======== TASK INPUT

(* Let $x=(p_1,\dots,p_N)\in\mathbb R^{N\times 3}$ be a point cloud and $\|x\|_2=(\sum_i\|p_i\|_2^2)^{1/2}$. Let $\sigma>0$, let $\epsilon\in\mathbb R^{N\times3}$ have i.i.d. $\mathcal N(0,\sigma^2)$ entries, and $q(y\mid x';\epsilon)=\mathbb E_\epsilon[P(y\mid x'+\epsilon)]$ for a base classifier $P$. Let $0<R\le\pi$, $\eta\ge0$, $\delta\ge0$ with $\frac{\delta^2}{4}+\frac{\eta^2R^2}{8}\le 1$. Let $z_j=(k_j,\theta_j)$, $j=1,\dots,M$, with $k_j\in S^2$, $\theta_j\in[0,R]$, such that for every $k\in S^2$ and $\theta\in[0,R]$ there is a $j$ with $\angle(k,k_j)\le\eta$ and $|\theta-\theta_j|\le\delta$. Suppose $y_A\in\mathcal Y$ and $p_A^{(j)},p_B^{(j)}\in(0,1)$ satisfy for all $j$ $$q(y_A\mid\phi_R(x,z_j);\epsilon)\ge p_A^{(j)}>p_B^{(j)}\ge\max_{y\ne y_A}q(y\mid\phi_R(x,z_j);\epsilon)$$ and $$\frac{\sigma}{2}\Big(\Phi^{-1}(p_A^{(j)})-\Phi^{-1}(p_B^{(j)})\Big)>\pi\sqrt{\frac{\delta^2}{4}+\frac{\eta^2R^2}{8}}\;\|x\|_2 .$$ Then for every $k\in S^2$, $\theta\in[0,R]$ and $y\ne y_A$: $q(y_A\mid\phi_R(x,(k,\theta));\epsilon)>q(y\mid\phi_R(x,(k,\theta));\epsilon)$.
   Context: The general rotation with parameter $(k,\theta)\in S^2\times\mathbb R_{\ge0}$ acts pointwise by $\phi_R(p_i,(k,\theta))=Rot(k,\theta)p_i$, where $Rot(k,\theta)\in SO(3)$ is the rotation by angle $\theta$ about the unit axis $k$. $\angle(k,k_j)\in[0,\pi]$ denotes the angle between unit vectors $k,k_j$. Labels $\mathcal Y=\{1,\dots,C\}$; a base classifier is a measurable map $x\mapsto P(\cdot\mid x)$ to probability vectors on $\mathcal Y$. $\Phi$ is the standard normal CDF. *)

theory Defs
  imports "HOL-Analysis.Analysis" "HOL-Probability.Probability"
begin

text \<open>Rotation by angle theta about unit axis k (Rodrigues' formula), as a 3x3 matrix.\<close>
definition Rot :: "real^3 \<Rightarrow> real \<Rightarrow> real^3^3" where
  "Rot k \<theta> = matrix (\<lambda>p. cos \<theta> *\<^sub>R p + sin \<theta> *\<^sub>R cross3 k p + ((1 - cos \<theta>) * (k \<bullet> p)) *\<^sub>R k)"

text \<open>Point clouds of N points: real^3^'n with N = CARD('n). General rotation acting pointwise.\<close>
definition phi_R :: "real^3^'n \<Rightarrow> real^3 \<Rightarrow> real \<Rightarrow> real^3^'n" where
  "phi_R x k \<theta> = (\<chi> i. Rot k \<theta> *v (x $ i))"

definition vangle :: "real^3 \<Rightarrow> real^3 \<Rightarrow> real" where
  "vangle k k' = arccos (k \<bullet> k')"

definition gauss_noise :: "real \<Rightarrow> (real^3^'n) measure" where
  "gauss_noise \<sigma> = density lborel (\<lambda>e. ennreal (\<Prod>i\<in>UNIV. \<Prod>c\<in>UNIV. normal_density 0 \<sigma> (e $ i $ c)))"

definition smoothed :: "(real^3^'n \<Rightarrow> nat \<Rightarrow> real) \<Rightarrow> real \<Rightarrow> real^3^'n \<Rightarrow> nat \<Rightarrow> real" where
  "smoothed P \<sigma> x' y = (\<integral>e. P (x' + e) y \<partial>gauss_noise \<sigma>)"

definition Phi :: "real \<Rightarrow> real" where
  "Phi t = measure (density lborel std_normal_density) {..t}"

definition Phi_inv :: "real \<Rightarrow> real" where
  "Phi_inv p = (THE t. Phi t = p)"

definition base_classifier :: "nat \<Rightarrow> (real^3^'n \<Rightarrow> nat \<Rightarrow> real) \<Rightarrow> bool" where
  "base_classifier C P \<longleftrightarrow>
     (\<forall>y. (\<lambda>x. P x y) \<in> borel_measurable borel) \<and>
     (\<forall>x. (\<forall>y. 0 \<le> P x y) \<and> (\<forall>y. y \<notin> {1..C} \<longrightarrow> P x y = 0) \<and> (\<Sum>y\<in>{1..C}. P x y) = 1)"

end

theory Submission
  imports Defs
begin

text \<open>Shifting the isotropic Gaussian by \<open>w\<close> multiplies its density by
  \<open>exp (e \<bullet> w / \<sigma>\<^sup>2 - \<parallel>w\<parallel>\<^sup>2 / (2\<sigma>\<^sup>2))\<close>, which is monotone in \<open>e \<bullet> w\<close>. By the
  Neyman--Pearson argument, among \<open>[0,1]\<close>-valued functions with a given Gaussian mean the
  half-spaces orthogonal to \<open>w\<close> lose (resp.\ gain) the most mean under the shift, and the
  half-space means are values of \<open>\<Phi>\<close>. Hence a smoothed classifier with class probabilities
  \<open>\<ge> \<Phi> a\<close> and \<open>\<le> \<Phi> b\<close> at \<open>x\<close> keeps its decision at \<open>x + w\<close> whenever
  \<open>\<parallel>w\<parallel> < \<sigma> (a - b) / 2\<close>.

  It remains to bound the displacement of the rotated point cloud from the nearest grid
  rotation. Writing rotations as conjugation \<open>p \<mapsto> q p q\<^sup>*\<close> by unit quaternions, the
  displacement of a point \<open>p\<close> is at most \<open>2 \<parallel>q - q\<^sub>j\<parallel> \<parallel>p\<parallel>\<close>, and
  \<open>4 \<parallel>q - q\<^sub>j\<parallel>\<^sup>2 \<le> \<delta>\<^sup>2 + \<eta>\<^sup>2 R\<^sup>2 \<le> \<pi>\<^sup>2 (\<delta>\<^sup>2/4 + \<eta>\<^sup>2 R\<^sup>2/8)\<close>.\<close>

section \<open>Isotropic Gaussian measure\<close>

definition gaussian_density :: "real \<Rightarrow> 'a::euclidean_space \<Rightarrow> real" where
  "gaussian_density \<sigma> e = (\<Prod>b\<in>Basis. normal_density 0 \<sigma> (e \<bullet> b))"

definition gaussian_measure :: "real \<Rightarrow> 'a::euclidean_space measure" where
  "gaussian_measure \<sigma> = density lborel (\<lambda>e. ennreal (gaussian_density \<sigma> e))"

lemma gaussian_density_nonneg: "0 \<le> gaussian_density \<sigma> e"
  unfolding gaussian_density_def by (intro prod_nonneg) auto

lemma borel_measurable_gaussian_density[measurable]: "gaussian_density \<sigma> \<in> borel_measurable borel"
  unfolding gaussian_density_def by measurable

lemma sets_gaussian_measure[simp, measurable_cong]: "sets (gaussian_measure \<sigma>) = sets borel"
  by (simp add: gaussian_measure_def)

lemma space_gaussian_measure[simp]: "space (gaussian_measure \<sigma>) = UNIV"
  by (simp add: gaussian_measure_def)

lemma indicator_PiE_eq_prod:
  assumes "finite I" "f \<in> extensional I"
  shows "indicator (Pi\<^sub>E I A) f = (\<Prod>i\<in>I. indicator (A i) (f i) :: 'b::comm_semiring_1)"
proof (cases "\<forall>i\<in>I. f i \<in> A i")
  case True
  with assms show ?thesis by (simp add: PiE_def)
next
  case False
  then obtain i where "i \<in> I" "f i \<notin> A i" by blast
  moreover have "(\<Prod>i\<in>I. indicator (A i) (f i) :: 'b) = 0"
    using assms(1) \<open>i \<in> I\<close> \<open>f i \<notin> A i\<close> by (intro prod_zero bexI[of _ i]) auto
  moreover have "f \<notin> Pi\<^sub>E I A"
    using \<open>i \<in> I\<close> \<open>f i \<notin> A i\<close> by auto
  ultimately show ?thesis by simp
qed

lemma density_PiM_lborel_prod:
  fixes I :: "'i set" and g :: "real \<Rightarrow> real"
  assumes "finite I" and [measurable]: "g \<in> borel_measurable borel"
    and "prob_space (density lborel g)"
  shows "density (\<Pi>\<^sub>M i\<in>I. lborel) (\<lambda>f. \<Prod>i\<in>I. ennreal (g (f i))) = (\<Pi>\<^sub>M i\<in>I. density lborel g)"
proof -
  interpret N: product_sigma_finite "\<lambda>_::'i. density lborel g"
    unfolding product_sigma_finite_def using assms(3) prob_space_imp_sigma_finite by blast
  interpret L: product_sigma_finite "\<lambda>_::'i. lborel :: real measure"
    by unfold_locales
  show ?thesis
  proof (rule N.PiM_eqI)
    show "sets (density (\<Pi>\<^sub>M i\<in>I. lborel) (\<lambda>f. \<Prod>i\<in>I. ennreal (g (f i)))) = sets (\<Pi>\<^sub>M i\<in>I. density lborel g)"
      by (simp only: sets_density) (rule sets_PiM_cong; simp)
  next
    fix A assume A: "\<And>i. i \<in> I \<Longrightarrow> A i \<in> sets (density lborel g)"
    have "emeasure (density (\<Pi>\<^sub>M i\<in>I. lborel) (\<lambda>f. \<Prod>i\<in>I. ennreal (g (f i)))) (Pi\<^sub>E I A)
        = (\<integral>\<^sup>+ f. (\<Prod>i\<in>I. ennreal (g (f i))) * indicator (Pi\<^sub>E I A) f \<partial>(\<Pi>\<^sub>M i\<in>I. lborel))"
      using A assms(1) by (intro emeasure_density) (auto intro: sets_PiM_I_finite)
    also have "\<dots> = (\<integral>\<^sup>+ f. (\<Prod>i\<in>I. ennreal (g (f i)) * indicator (A i) (f i)) \<partial>(\<Pi>\<^sub>M i\<in>I. lborel))"
    proof (intro nn_integral_cong)
      fix f assume "f \<in> space (\<Pi>\<^sub>M i\<in>I. (lborel :: real measure))"
      then have "indicator (Pi\<^sub>E I A) f = (\<Prod>i\<in>I. indicator (A i) (f i) :: ennreal)"
        using assms(1) by (intro indicator_PiE_eq_prod) (simp_all add: space_PiM PiE_def)
      then show "(\<Prod>i\<in>I. ennreal (g (f i))) * indicator (Pi\<^sub>E I A) f
          = (\<Prod>i\<in>I. ennreal (g (f i)) * indicator (A i) (f i))"
        by (simp add: prod.distrib)
    qed
    also have "\<dots> = (\<Prod>i\<in>I. \<integral>\<^sup>+ x. ennreal (g x) * indicator (A i) x \<partial>lborel)"
      using A assms(1)
      by (intro L.product_nn_integral_prod[where f="\<lambda>i x. ennreal (g x) * indicator (A i) x"]) auto
    also have "\<dots> = (\<Prod>i\<in>I. emeasure (density lborel g) (A i))"
      by (rule prod.cong[OF refl]) (use A in \<open>simp add: emeasure_density\<close>)
    finally show "emeasure (density (\<Pi>\<^sub>M i\<in>I. lborel) (\<lambda>f. \<Prod>i\<in>I. ennreal (g (f i)))) (Pi\<^sub>E I A)
        = (\<Prod>i\<in>I. emeasure (density lborel g) (A i))" .
  qed (use assms(1) in simp)
qed

lemma gaussian_measure_eq_distr_PiM:
  assumes "0 < \<sigma>"
  shows "gaussian_measure \<sigma> = distr (\<Pi>\<^sub>M b\<in>Basis. density lborel (normal_density 0 \<sigma>)) borel
           (\<lambda>f. \<Sum>b\<in>Basis. f b *\<^sub>R (b :: 'a::euclidean_space))"
proof -
  let ?emb = "\<lambda>f. \<Sum>b\<in>Basis. f b *\<^sub>R (b :: 'a)"
  have emb_inner: "?emb f \<bullet> b = f b" if "b \<in> Basis" for f b
    using that by (simp add: inner_sum_left inner_Basis if_distrib cong: if_cong)
  have "gaussian_measure \<sigma> = density (distr (\<Pi>\<^sub>M b\<in>Basis. lborel) borel ?emb) (gaussian_density \<sigma>)"
    unfolding gaussian_measure_def by (subst lborel_eq) simp
  also have "\<dots> = distr (density (\<Pi>\<^sub>M b\<in>Basis. lborel) (\<lambda>f. gaussian_density \<sigma> (?emb f))) borel ?emb"
    by (rule density_distr) measurable
  also have "density (\<Pi>\<^sub>M b\<in>Basis. lborel) (\<lambda>f. gaussian_density \<sigma> (?emb f))
      = density (\<Pi>\<^sub>M b\<in>Basis. lborel) (\<lambda>f. \<Prod>b\<in>Basis. ennreal (normal_density 0 \<sigma> (f b)))"
    by (intro density_cong) (auto simp: gaussian_density_def emb_inner prod_ennreal)
  also have "\<dots> = (\<Pi>\<^sub>M b\<in>Basis. density lborel (normal_density 0 \<sigma>))"
    by (rule density_PiM_lborel_prod) (simp_all add: prob_space_normal_density[OF assms])
  finally show ?thesis .
qed

lemma prob_space_gaussian_measure:
  assumes "0 < \<sigma>"
  shows "prob_space (gaussian_measure \<sigma> :: 'a::euclidean_space measure)"
proof -
  have "prob_space (\<Pi>\<^sub>M b\<in>(Basis :: 'a set). density lborel (normal_density 0 \<sigma>))"
    by (rule prob_space_PiM) (simp add: prob_space_normal_density[OF assms])
  then show ?thesis
    unfolding gaussian_measure_eq_distr_PiM[OF assms]
    by (rule prob_space.prob_space_distr) measurable
qed

lemma indep_vars_PiM_coordinates:
  assumes "finite I" "I \<noteq> {}" "\<And>i. i \<in> I \<Longrightarrow> prob_space (M i)"
  shows "prob_space.indep_vars (\<Pi>\<^sub>M i\<in>I. M i) M (\<lambda>i \<omega>. \<omega> i) I"
proof -
  interpret prob_space "\<Pi>\<^sub>M i\<in>I. M i"
    using assms(3) by (rule prob_space_PiM)
  have "distr (\<Pi>\<^sub>M i\<in>I. M i) (\<Pi>\<^sub>M i\<in>I. M i) (\<lambda>\<omega>. \<lambda>i\<in>I. \<omega> i)
      = distr (\<Pi>\<^sub>M i\<in>I. M i) (\<Pi>\<^sub>M i\<in>I. M i) (\<lambda>\<omega>. \<omega>)"
    by (rule distr_cong) (auto simp: space_PiM PiE_def extensional_restrict)
  also have "\<dots> = (\<Pi>\<^sub>M i\<in>I. distr (\<Pi>\<^sub>M i\<in>I. M i) (M i) (\<lambda>\<omega>. \<omega> i))"
    using assms(3) by (simp add: distr_id2 distr_PiM_component cong: PiM_cong)
  finally show ?thesis
    by (subst indep_vars_iff_distr_eq_PiM') (use assms(2) in auto)
qed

================

• TASK TO COMPLETE
Write out each line of the data that holds the string "intro".

• RESULT OF THIS TASK
  unfolding gaussian_density_def by (intro prod_nonneg) auto
    using assms(1) \<open>i \<in> I\<close> \<open>f i \<notin> A i\<close> by (intro prod_zero bexI[of _ i]) auto
      using A assms(1) by (intro emeasure_density) (auto intro: sets_PiM_I_finite)
    proof (intro nn_integral_cong)
        using assms(1) by (intro indicator_PiE_eq_prod) (simp_all add: space_PiM PiE_def)
      by (intro L.product_nn_integral_prod[where f="\<lambda>i x. ennreal (g x) * indicator (A i) x"]) auto
    by (intro density_cong) (auto simp: gaussian_density_def emb_inner prod_ennreal)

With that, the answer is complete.